- Task brief -
Report each line of the records below that uses the word "from".

Stored data:
* * * * * * * * *

(* Let $C_0,\beta_h,\gamma_h,\beta_v,\gamma_v>0$ be constants and consider the ODE \[\frac{di_h}{dt}=\frac{C_0\beta_h\beta_v\, i_h(1-i_h)}{\beta_v i_h+\gamma_v}-\gamma_h i_h ,\qquad i_h(0)\in[0,1].\] Let $\mathcal{R}_0=\sqrt{\frac{\beta_h}{\gamma_v}\cdot\frac{C_0\beta_v}{\gamma_h}}$. The ODE has two equilibrium points \[E^f=0\quad\text{and}\quad E^e=\frac{C_0\beta_h\beta_v-\gamma_h\gamma_v}{C_0\beta_h\beta_v+\beta_v\gamma_h},\] and (i) $E^f$ is globally asymptotically stable when $\mathcal{R}_0\le 1$, globally exponentially stable when $\mathcal{R}_0<1$, and unstable when $\mathcal{R}_0>1$; (ii) when $\mathcal{R}_0>1$, $E^e$ is locally asymptotically stable, and it is globally asymptotically stable when $i_h(0)\in(0,1]$.
   Context: For an ODE $y'=f(y)$ with equilibrium $y_0$ ($f(y_0)=0$): $y_0$ is stable if for every $\epsilon>0$ there is $\delta>0$ such that $|y(0)-y_0|<\delta$ implies $|y(t)-y_0|<\epsilon$ for all $t>0$; locally asymptotically stable if there is $a>0$ such that $|y(0)-y_0|\le a$ implies $y(t)\to y_0$; globally asymptotically stable if $y(t)\to y_0$ as $t\to\infty$ (for all considered initial values); globally exponentially stable if it is globally asymptotically stable and there are $M,\kappa>0$ with $|y(t)-y_0|\le Me^{-\kappa t}$; unstable if not stable. *)

theory Defs
  imports "HOL-Analysis.Analysis"
begin

definition ode_sol :: "(real \<Rightarrow> real) \<Rightarrow> (real \<Rightarrow> real) \<Rightarrow> bool" where
  "ode_sol f y \<longleftrightarrow> (\<forall>t\<ge>0. (y has_real_derivative f (y t)) (at t within {0..}))"

definition stable_eq :: "(real \<Rightarrow> real) \<Rightarrow> real set \<Rightarrow> real \<Rightarrow> bool" where
  "stable_eq f S e \<longleftrightarrow>
     (\<forall>\<epsilon>>0. \<exists>\<delta>>0. \<forall>y. ode_sol f y \<and> y 0 \<in> S \<and> \<bar>y 0 - e\<bar> < \<delta> \<longrightarrow>
        (\<forall>t>0. \<bar>y t - e\<bar> < \<epsilon>))"

definition loc_asym_stable :: "(real \<Rightarrow> real) \<Rightarrow> real set \<Rightarrow> real \<Rightarrow> bool" where
  "loc_asym_stable f S e \<longleftrightarrow>
     (\<exists>a>0. \<forall>y. ode_sol f y \<and> y 0 \<in> S \<and> \<bar>y 0 - e\<bar> \<le> a \<longrightarrow> (y \<longlongrightarrow> e) at_top)"

definition glob_asym_stable :: "(real \<Rightarrow> real) \<Rightarrow> real set \<Rightarrow> real \<Rightarrow> bool" where
  "glob_asym_stable f S e \<longleftrightarrow>
     (\<forall>y. ode_sol f y \<and> y 0 \<in> S \<longrightarrow> (y \<longlongrightarrow> e) at_top)"

definition glob_exp_stable :: "(real \<Rightarrow> real) \<Rightarrow> real set \<Rightarrow> real \<Rightarrow> bool" where
  "glob_exp_stable f S e \<longleftrightarrow> glob_asym_stable f S e \<and>
     (\<exists>M>0. \<exists>\<kappa>>0. \<forall>y. ode_sol f y \<and> y 0 \<in> S \<longrightarrow>
        (\<forall>t\<ge>0. \<bar>y t - e\<bar> \<le> M * exp (- \<kappa> * t)))"

definition unstable_eq :: "(real \<Rightarrow> real) \<Rightarrow> real set \<Rightarrow> real \<Rightarrow> bool" where
  "unstable_eq f S e \<longleftrightarrow> \<not> stable_eq f S e"

end

theory Submission
  imports Defs "HOL-Real_Asymp.Real_Asymp"
begin

(* Write the right-hand side as f x = x * (a - b * x) / (\<beta>v * x + \<gamma>v) with
   a = C0 \<beta>h \<beta>v - \<gamma>h \<gamma>v, which has the sign of R0 - 1, and b = C0 \<beta>h \<beta>v + \<beta>v \<gamma>h,
   so that Ee = a / b.

   Solutions are not assumed to be unique, so invariance of [0, 2) has to be proved by hand.
   On an interval around [0, 2] that avoids the pole -\<gamma>v / \<beta>v we have |f x| <= L |x|, hence
   x^2 exp (-2 L t) decreases and x^2 exp (2 L t) increases along solutions, and a solution
   cannot change sign. For x >= 0 the function (x - Ee)^2 is a Lyapunov function, since
   d/dt (x - Ee)^2 = -2 b x (x - Ee)^2 / (\<beta>v x + \<gamma>v) <= 0.
   Weighted versions give the rates: x exp (kappa t) for R0 < 1, 1 / x - k t for R0 <= 1, and
   (x - Ee)^2 exp (kappa t) for R0 > 1 once x is bounded below by min (x 0) Ee.
   Instability of 0 for R0 > 1 requires solutions starting arbitrarily close to 0 that leave a
   fixed neighbourhood; they come from separation of variables, inverting a primitive of 1 / f
   on (0, Ee). *)

lemma DERIV_nonpos_imp_decreasing_on_nonneg:
  fixes h h' :: "real \<Rightarrow> real"
  assumes deriv: "\<And>u. u \<ge> 0 \<Longrightarrow> (h has_real_derivative h' u) (at u within {0..})"
    and "0 \<le> s" "s \<le> t"
    and nonpos: "\<And>u. s < u \<Longrightarrow> u < t \<Longrightarrow> h' u \<le> 0"
  shows "h t \<le> h s"
proof (rule DERIV_nonpos_imp_decreasing_open[OF \<open>s \<le> t\<close>])
  fix u assume u: "s < u" "u < t"
  have "at u within {0..} = at u"
    using u \<open>0 \<le> s\<close> by (intro at_within_interior) auto
  then show "\<exists>d. (h has_real_derivative d) (at u) \<and> d \<le> 0"
    using deriv[of u] nonpos[OF u] u \<open>0 \<le> s\<close> by auto
next
  have "continuous_on {0..} h"
    using deriv by (meson DERIV_continuous atLeast_iff continuous_on_eq_continuous_within)
  then show "continuous_on {s..t} h"
    by (rule continuous_on_subset) (use \<open>0 \<le> s\<close> in auto)
qed

lemma DERIV_le_linear_imp_exp_bound:
  fixes h h' :: "real \<Rightarrow> real"
  assumes deriv: "\<And>u. u \<ge> 0 \<Longrightarrow> (h has_real_derivative h' u) (at u within {0..})"
    and "0 \<le> s" "s \<le> t"
    and le: "\<And>u. s < u \<Longrightarrow> u < t \<Longrightarrow> h' u \<le> - \<kappa> * h u"
  shows "h t \<le> h s * exp (- \<kappa> * (t - s))"
proof -
  have "h t * exp (\<kappa> * t) \<le> h s * exp (\<kappa> * s)"
  proof (rule DERIV_nonpos_imp_decreasing_on_nonneg[OF _ \<open>0 \<le> s\<close> \<open>s \<le> t\<close>])
    fix u :: real assume "u \<ge> 0"
    show "((\<lambda>u. h u * exp (\<kappa> * u)) has_real_derivative (h' u + \<kappa> * h u) * exp (\<kappa> * u))
        (at u within {0..})"
      using deriv[OF \<open>u \<ge> 0\<close>] by (auto intro!: derivative_eq_intros simp: algebra_simps)
  next
    fix u assume "s < u" "u < t"
    from le[OF this] have "h' u + \<kappa> * h u \<le> 0"
      by simp
    then show "(h' u + \<kappa> * h u) * exp (\<kappa> * u) \<le> 0"
      by (simp add: mult_nonpos_nonneg)
  qed
  then have "h t * exp (\<kappa> * t) * exp (- \<kappa> * t) \<le> h s * exp (\<kappa> * s) * exp (- \<kappa> * t)"
    by (simp add: mult_right_mono)
  then show ?thesis
    by (simp add: mult.assoc right_diff_distrib flip: exp_add)
qed

lemma ode_sol_DERIV:
  "ode_sol f y \<Longrightarrow> t \<ge> 0 \<Longrightarrow> (y has_real_derivative f (y t)) (at t within {0..})"
  unfolding ode_sol_def by blast

lemma ode_sol_continuous_on: "ode_sol f y \<Longrightarrow> continuous_on {0..} y"
  by (meson DERIV_continuous atLeast_iff continuous_on_eq_continuous_within ode_sol_DERIV)

lemma ode_sol_sq_dist_upper:
  assumes sol: "ode_sol f y" and "0 \<le> s" "s \<le> t"
    and inK: "\<forall>u\<in>{s<..<t}. y u \<in> K"
    and field: "\<forall>x\<in>K. 2 * (x - e) * f x \<le> - \<kappa> * (x - e)^2"
  shows "(y t - e)^2 \<le> (y s - e)^2 * exp (- \<kappa> * (t - s))"
proof (rule DERIV_le_linear_imp_exp_bound[OF _ \<open>0 \<le> s\<close> \<open>s \<le> t\<close>])
  fix u :: real assume "u \<ge> 0"
  show "((\<lambda>u. (y u - e)^2) has_real_derivative 2 * (y u - e) * f (y u)) (at u within {0..})"
    using ode_sol_DERIV[OF sol \<open>u \<ge> 0\<close>] by (auto intro!: derivative_eq_intros)
qed (use inK field in auto)

lemma ode_sol_sq_dist_lower:
  assumes sol: "ode_sol f y" and "0 \<le> s" "s \<le> t"
    and inK: "\<forall>u\<in>{s<..<t}. y u \<in> K"
    and field: "\<forall>x\<in>K. 2 * (x - e) * f x \<ge> - \<kappa> * (x - e)^2"
  shows "(y s - e)^2 * exp (- \<kappa> * (t - s)) \<le> (y t - e)^2"
proof -
  have "- ((y t - e)^2) \<le> - ((y s - e)^2) * exp (- \<kappa> * (t - s))"
  proof (rule DERIV_le_linear_imp_exp_bound[OF _ \<open>0 \<le> s\<close> \<open>s \<le> t\<close>])
    fix u :: real assume "u \<ge> 0"
    show "((\<lambda>u. - ((y u - e)^2)) has_real_derivative - (2 * (y u - e) * f (y u)))
        (at u within {0..})"
      using ode_sol_DERIV[OF sol \<open>u \<ge> 0\<close>] by (auto intro!: derivative_eq_intros)
  next
    fix u assume "s < u" "u < t"
    then have "- \<kappa> * (y u - e)^2 \<le> 2 * (y u - e) * f (y u)"
      using inK field by auto
    then show "- (2 * (y u - e) * f (y u)) \<le> - \<kappa> * - ((y u - e)^2)"
      by simp
  qed
  then show ?thesis by simp
qed

lemma abs_mult_le_sq:
  fixes x z L :: real
  assumes "\<bar>z\<bar> \<le> L * \<bar>x\<bar>"
  shows "\<bar>x * z\<bar> \<le> L * x^2"
proof -
  have "\<bar>x * z\<bar> \<le> \<bar>x\<bar> * (L * \<bar>x\<bar>)"
    unfolding abs_mult using assms by (rule mult_left_mono) simp
  also have "\<dots> = L * x^2"
    by (simp add: power2_eq_square mult.left_commute)
  finally show ?thesis .
qed

lemma ode_sol_zero_stays_zero:
  assumes sol: "ode_sol f y" and "0 \<le> t" and inK: "\<forall>u\<in>{0<..<t}. y u \<in> K"
    and lin: "\<forall>x\<in>K. \<bar>f x\<bar> \<le> L * \<bar>x\<bar>" and "y 0 = 0"
  shows "y t = 0"
proof -
  have "\<forall>x\<in>K. 2 * (x - 0) * f x \<le> - (- 2 * L) * (x - 0)^2"
  proof
    fix x assume "x \<in> K"
    have "x * f x \<le> L * x^2"
      using abs_mult_le_sq[OF lin[rule_format, OF \<open>x \<in> K\<close>]] by linarith
    then show "2 * (x - 0) * f x \<le> - (- 2 * L) * (x - 0)^2"
      by simp
  qed
  from ode_sol_sq_dist_upper[OF sol order_refl \<open>0 \<le> t\<close> inK this] show ?thesis
    using \<open>y 0 = 0\<close> by simp
qed

lemma ode_sol_pos_stays_pos:
  assumes sol: "ode_sol f y" and "0 \<le> t" and inK: "\<forall>u\<in>{0..t}. y u \<in> K"
    and lin: "\<forall>x\<in>K. \<bar>f x\<bar> \<le> L * \<bar>x\<bar>" and "y 0 > 0"
  shows "y t > 0"
proof (rule ccontr)
  assume "\<not> y t > 0"
  moreover have "continuous_on {0..t} y"
    using ode_sol_continuous_on[OF sol] by (rule continuous_on_subset) auto
  ultimately obtain u where u: "0 \<le> u" "u \<le> t" "y u = 0"
    using IVT2'[of y t 0 0] \<open>y 0 > 0\<close> \<open>0 \<le> t\<close> by auto
  have "\<forall>x\<in>K. 2 * (x - 0) * f x \<ge> - (2 * L) * (x - 0)^2"
  proof
    fix x assume "x \<in> K"
    have "- (L * x^2) \<le> x * f x"
      using abs_mult_le_sq[OF lin[rule_format, OF \<open>x \<in> K\<close>]] by linarith
    then show "2 * (x - 0) * f x \<ge> - (2 * L) * (x - 0)^2"
      by simp
  qed
  from ode_sol_sq_dist_lower[OF sol order_refl \<open>0 \<le> u\<close> _ this]
  have "(y 0)^2 * exp (- (2 * L) * u) \<le> 0"
    using inK u by auto
  with \<open>y 0 > 0\<close> show False
    by (simp add: mult_le_0_iff)
qed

* * * * * * * * *

- Response area -
   fixed neighbourhood; they come from separation of variables, inverting a primitive of 1 / f
    from le[OF this] have "h' u + \<kappa> * h u \<le> 0"
  from ode_sol_sq_dist_upper[OF sol order_refl \<open>0 \<le> t\<close> inK this] show ?thesis
  from ode_sol_sq_dist_lower[OF sol order_refl \<open>0 \<le> u\<close> _ this]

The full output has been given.